Exclude NANOAOD from Unified output dataplacement for standard workfl… by todor-ivanov · Pull Request #532 · CMSCompOps/WmAgentScripts

todor-ivanov · 2020-04-16T15:54:05Z

Fixes #530
Status
Description

As part of the Rucio migration there have been a plan put into action to initially adapt the NANOAOD data tier. Which means that Unified should not subscribe data transfers when it comes to those datasets.

After our previous investigation of the code we concluded that Unified is doing output data placement through DDM for standard Workflows and through Phedex for RelVal. It seems we can benefit from the already existing parameter 'tier_to_DDM' here. And we can hard code the exclusion of NANOD for Relval in a similar way as it is done for the rest of the data tiers here: [1]

[1] https://github.com/CMSCompOps/WmAgentScripts/blob/master/Unified/closor.py#L502-L518

Is it backward compatible (if not, which system it affects?)
Related PRs

NO
External dependencies / deployment changes

We may want to make it configurable for RelVal workflows too.
Mention people to look at PRs

@sharad1126 @amaltaro @vlimant

vlimant · 2020-04-17T08:27:51Z

the relval nanoaod is not the same as central production aod, they have to be available where people expect to run validation ; CERN for example

amaltaro · 2020-04-17T09:05:12Z

@nsmith- Nick, give that NANO data will be soon managed by Rucio/DM team, you might want to have a special rule/subscription for RelVal NANO.

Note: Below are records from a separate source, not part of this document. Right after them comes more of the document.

lemma sq_norm_plus_inner_ge:
  fixes b d :: "'a::real_inner"
  assumes "0 < c"
  shows "- (norm b)\<^sup>2 / c \<le> c * (norm d)\<^sup>2 + 2 * inner b d"
proof -
  have "c * (c * (norm d)\<^sup>2 + 2 * inner b d) + (norm b)\<^sup>2 = (norm (c *\<^sub>R d + b))\<^sup>2"
    by (simp only: power2_norm_eq_inner) (simp add: inner_simps inner_commute algebra_simps)
  then have "0 \<le> c * (c * (norm d)\<^sup>2 + 2 * inner b d) + (norm b)\<^sup>2" by (metis zero_le_power2)
  then show ?thesis using assms by (simp add: field_simps)
qed

lemma weighted_sq_norm_split:
  fixes e1 e2 :: "'a::real_inner"
  assumes "0 < A + a"
  shows "A * (norm e1)\<^sup>2 + a * (norm e2)\<^sup>2
       = (norm (A *\<^sub>R e1 + a *\<^sub>R e2))\<^sup>2 / (A + a) + A * a / (A + a) * (norm (e2 - e1))\<^sup>2"
proof -
  have "(A + a) * (A * (norm e1)\<^sup>2 + a * (norm e2)\<^sup>2)
      = (norm (A *\<^sub>R e1 + a *\<^sub>R e2))\<^sup>2 + A * a * (norm (e2 - e1))\<^sup>2"
    by (simp only: power2_norm_eq_inner) (simp add: inner_simps inner_commute algebra_simps)
  then have "A * (norm e1)\<^sup>2 + a * (norm e2)\<^sup>2
      = ((norm (A *\<^sub>R e1 + a *\<^sub>R e2))\<^sup>2 + A * a * (norm (e2 - e1))\<^sup>2) / (A + a)"
    using assms by (simp add: eq_divide_eq mult.commute)
  then show ?thesis by (simp add: add_divide_distrib)
qed

lemma sum_quadratics_recentre:
  fixes p q m z w :: "'a::real_inner"
  assumes "(\<alpha> + \<beta>) *\<^sub>R m = \<alpha> *\<^sub>R p + \<beta> *\<^sub>R q - w"
  shows "\<alpha>/2 * (norm (z - p))\<^sup>2 + \<beta>/2 * (norm (z - q))\<^sup>2 + inner w z
       = \<alpha>/2 * (norm (m - p))\<^sup>2 + \<beta>/2 * (norm (m - q))\<^sup>2 + inner w m
         + (\<alpha> + \<beta>)/2 * (norm (z - m))\<^sup>2"
proof -
  have "w = \<alpha> *\<^sub>R p + \<beta> *\<^sub>R q - (\<alpha> + \<beta>) *\<^sub>R m" using assms by (simp add: algebra_simps)
  then show ?thesis
    by (simp only: power2_norm_eq_inner) (simp add: inner_simps inner_commute algebra_simps, simp add: field_simps)
qed

lemma positive_root_quadratic:
  fixes B R :: real
  assumes "0 \<le> B" "0 \<le> R" "a = (B + sqrt (B\<^sup>2 + R)) / 2"
  shows "B \<le> a" "a\<^sup>2 = B * a + R / 4"
proof -
  have "B \<le> sqrt (B\<^sup>2 + R)" using assms(1,2) by (simp add: real_le_rsqrt)
  then show "B \<le> a" using assms(3) by simp
  have "(sqrt (B\<^sup>2 + R))\<^sup>2 = B\<^sup>2 + R" using assms(2) by simp
  then show "a\<^sup>2 = B * a + R / 4" unfolding assms(3) by (simp add: power2_eq_square field_simps)
qed

lemma le_of_strong_convexity_chord:
  fixes u v s c :: real
  assumes "\<And>t. 0 < t \<Longrightarrow> t < 1 \<Longrightarrow> v + t * s \<le> t * u + (1 - t) * v - c * t * (1 - t)"
  shows "v + s + c \<le> u"
proof -
  have "z * c \<le> u - v - s" if "0 < z" "z < 1" for z
  proof -
    have "(1 - z) * (s + z * c) \<le> (1 - z) * (u - v)"
      using assms[of "1 - z"] that by (simp add: algebra_simps)
    then show ?thesis using that by simp
  qed
  then have "c \<le> u - v - s" by (rule field_le_mult_one_interval)
  then show ?thesis by simp
qed

lemma eps_subdiff_finite:
  assumes "proper_fun f" "u \<in> eps_subdiff \<epsilon> f y"
  shows "f y = ereal (real_of_ereal (f y))"
proof -
  obtain z where "f z \<noteq> \<infinity>" using assms(1) unfolding proper_fun_def by auto
  moreover have "f y + ereal (inner u (z - y)) - ereal \<epsilon> \<le> f z"
    using assms(2) unfolding eps_subdiff_def by auto
  ultimately have "f y \<noteq> \<infinity>" by auto
  moreover have "f y \<noteq> -\<infinity>" using assms(1) unfolding proper_fun_def by auto
  ultimately show ?thesis by (cases "f y") auto
qed

lemma strongly_convex_subgradient_ineq:
  fixes g :: "'a::real_inner \<Rightarrow> ereal"
  assumes "proper_fun g" "strongly_convex_fun \<mu> g"
    and w: "w \<in> subdiff g y" and gy: "g y = ereal gy"
  shows "ereal (gy + inner w (z - y) + \<mu>/2 * (norm (z - y))\<^sup>2) \<le> g z"
proof (cases "g z = \<infinity>")
  case False
  then obtain gz where gz: "g z = ereal gz"
    using assms(1) unfolding proper_fun_def by (cases "g z") auto
  have "gy + inner w (z - y) + \<mu>/2 * (norm (z - y))\<^sup>2 \<le> gz"
  proof (rule le_of_strong_convexity_chord)
    fix t :: real assume t: "0 < t" "t < 1"
    define m where "m = t *\<^sub>R z + (1 - t) *\<^sub>R y"
    have "g y + ereal (inner w (m - y)) - ereal 0 \<le> g m"
      using w unfolding subdiff_def eps_subdiff_def by blast
    moreover have "m - y = t *\<^sub>R (z - y)" by (simp add: m_def algebra_simps)
    ultimately have "ereal (gy + t * inner w (z - y)) \<le> g m" using gy by simp
    also have "g m \<le> ereal t * g z + ereal (1 - t) * g y - ereal (\<mu>/2 * t * (1 - t) * (norm (z - y))\<^sup>2)"
      using assms(2) t unfolding strongly_convex_fun_def m_def by auto
    also have "\<dots> = ereal (t * gz + (1 - t) * gy - \<mu>/2 * t * (1 - t) * (norm (z - y))\<^sup>2)"
      using gy gz by simp
    finally show "gy + t * inner w (z - y)
        \<le> t * gz + (1 - t) * gy - \<mu>/2 * (norm (z - y))\<^sup>2 * t * (1 - t)"
      by (simp add: algebra_simps)
  qed
  then show ?thesis using gz by simp
qed simp

lemma strongly_convex_sum_growth_at_min:
  fixes f g :: "'a::real_inner \<Rightarrow> ereal"
  assumes "proper_fun f" "proper_fun g" "convex_fun f" "strongly_convex_fun \<mu> g"
    and fy: "f y = ereal fy" and gy: "g y = ereal gy"
    and fx: "f xs = ereal fx" and gx: "g xs = ereal gx"
    and min: "\<forall>z. f xs + g xs \<le> f z + g z"
  shows "\<mu>/2 * (norm (y - xs))\<^sup>2 \<le> (fy + gy) - (fx + gx)"
proof -
  have "(fx + gx) + 0 + \<mu>/2 * (norm (y - xs))\<^sup>2 \<le> fy + gy"
  proof (rule le_of_strong_convexity_chord)
    fix t :: real assume t: "0 < t" "t < 1"
    define m where "m = t *\<^sub>R y + (1 - t) *\<^sub>R xs"
    have uf: "f m \<le> ereal t * f y + ereal (1 - t) * f xs"
      using assms(3) t unfolding convex_fun_def m_def by auto
    have ug: "g m \<le> ereal t * g y + ereal (1 - t) * g xs - ereal (\<mu>/2 * t * (1 - t) * (norm (y - xs))\<^sup>2)"
      using assms(4) t unfolding strongly_convex_fun_def m_def by auto
    have "f m \<noteq> -\<infinity>" "g m \<noteq> -\<infinity>" using assms(1,2) unfolding proper_fun_def by auto
    then obtain fm gm where fm: "f m = ereal fm" and gm: "g m = ereal gm"
      using uf ug fy gy fx gx by (cases "f m"; cases "g m") auto
    have "fx + gx \<le> fm + gm" using min[rule_format, of m] fm gm fx gx by simp
    then show "fx + gx + t * 0 \<le> t * (fy + gy) + (1 - t) * (fx + gx) - \<mu>/2 * (norm (y - xs))\<^sup>2 * t * (1 - t)"
      using uf ug fm gm fy gy fx gx by (simp add: algebra_simps)
  qed
  then show ?thesis by simp
qed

nsmith- · 2020-04-17T16:36:40Z

Will WMAgent be able to set some DID metadata that replicates wfi.isRelval() flag? Or is that determinable via existing metadata (or the dataset name itself?) Based on

WmAgentScripts/utils.py

Line 6506 in d11ab40

def isRelval(self):

looks like it might need request details

todor-ivanov · 2020-04-21T13:30:47Z

@nsmith- your question is quite relevant. I do not think we discussed how to fetch this exact piece of information when we were discussing the output data placement in Micro Services. I was kind of always thinking of this info like a given and being easily accessible through ReqMgr.

todor-ivanov · 2020-04-21T13:33:38Z

@sharad1126 ,What is the status of this PR? Did you manage to test it somehow? And are you planning to merge it some time this week? I believe we will need it soon. Thanks in advance.

nsmith- · 2020-04-21T15:03:07Z

@todor-ivanov For the marking of RelVal datasets, I believe after discussing with @amaltaro the plan here is to set the PhEDEx group name as metadata on the container DID, and all RelVal have that group.

sharad1126 · 2020-04-21T15:05:22Z

@todor-ivanov I am not sure how to test this. you need to provide me some specific workflows for this case where we can try running the script on.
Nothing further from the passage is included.